● What to produce: Copy out each line of the entries below in which the string "assms" appears.

== Data provided ==

lemma small_divisor_lower_bound:
  fixes \<omega> :: "real \<times> real" and \<nu> :: real
  assumes "snd \<omega> \<noteq> 0" and "fst \<omega> / snd \<omega> \<notin> \<rat>"
    and "1 \<le> \<nu>" and "\<nu> \<notin> approx_exponents (fst \<omega> / snd \<omega>)"
  obtains K where "0 < K" and "\<And>n. n \<noteq> 0 \<Longrightarrow> K * jbrv n powr (1 - \<nu>) \<le> \<bar>wdot \<omega> n\<bar>"
proof -
  define \<alpha> where "\<alpha> = fst \<omega> / snd \<omega>"
  obtain c where c: "0 < c" "c \<le> 1"
    and dio: "\<And>p q. 0 < q \<Longrightarrow> c * real_of_int q powr (1 - \<nu>) \<le> \<bar>real_of_int q * \<alpha> - real_of_int p\<bar>"
    using approximation_lower_bound assms(2-4) unfolding \<alpha>_def by blast
  have "c * jbrv (a, b) powr (1 - \<nu>) \<le> \<bar>real_of_int a * \<alpha> + real_of_int b\<bar>"
    if "(a, b) \<noteq> 0" for a b
  proof (cases "a = 0")
    case True
    then have "1 \<le> \<bar>real_of_int a * \<alpha> + real_of_int b\<bar>" using that by (simp add: zero_prod_def)
    moreover have "jbrv (a, b) powr (1 - \<nu>) \<le> 1"
      using powr_mono[of "1 - \<nu>" 0 "jbrv (a, b)"] jbrv_ge_1[of "(a, b)"] \<open>1 \<le> \<nu>\<close> by simp
    ultimately show ?thesis using c by (meson mult_le_one order.trans powr_ge_zero)
  next
    case False
    have "jbrv (a, b) powr (1 - \<nu>) \<le> real_of_int \<bar>a\<bar> powr (1 - \<nu>)"
      using abs_fst_le_jbrv[of "(a, b)"] False \<open>1 \<le> \<nu>\<close> by (intro powr_mono2') auto
    then have "c * jbrv (a, b) powr (1 - \<nu>) \<le> c * real_of_int \<bar>a\<bar> powr (1 - \<nu>)"
      using c by simp
    also have "\<dots> \<le> \<bar>real_of_int \<bar>a\<bar> * \<alpha> - real_of_int (- sgn a * b)\<bar>"
      using dio[of "\<bar>a\<bar>" "- sgn a * b"] False by simp
    also have "\<dots> = \<bar>real_of_int a * \<alpha> + real_of_int b\<bar>"
      using False by (cases "a > 0") (auto simp: abs_minus_commute)
    finally show ?thesis .
  qed
  moreover have "wdot \<omega> n = snd \<omega> * (real_of_int (fst n) * \<alpha> + real_of_int (snd n))" for n
    using assms(1) by (simp add: wdot_def \<alpha>_def field_simps)
  ultimately have "\<bar>snd \<omega>\<bar> * c * jbrv n powr (1 - \<nu>) \<le> \<bar>wdot \<omega> n\<bar>" if "n \<noteq> 0" for n
    using that by (cases n) (simp add: abs_mult mult.assoc mult_left_mono)
  moreover have "0 < \<bar>snd \<omega>\<bar> * c" using assms(1) c by simp
  ultimately show ?thesis using that by blast
qed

===

● Exercise answer:
    using approximation_lower_bound assms(2-4) unfolding \<alpha>_def by blast
    using assms(1) by (simp add: wdot_def \<alpha>_def field_simps)
  moreover have "0 < \<bar>snd \<omega>\<bar> * c" using assms(1) c by simp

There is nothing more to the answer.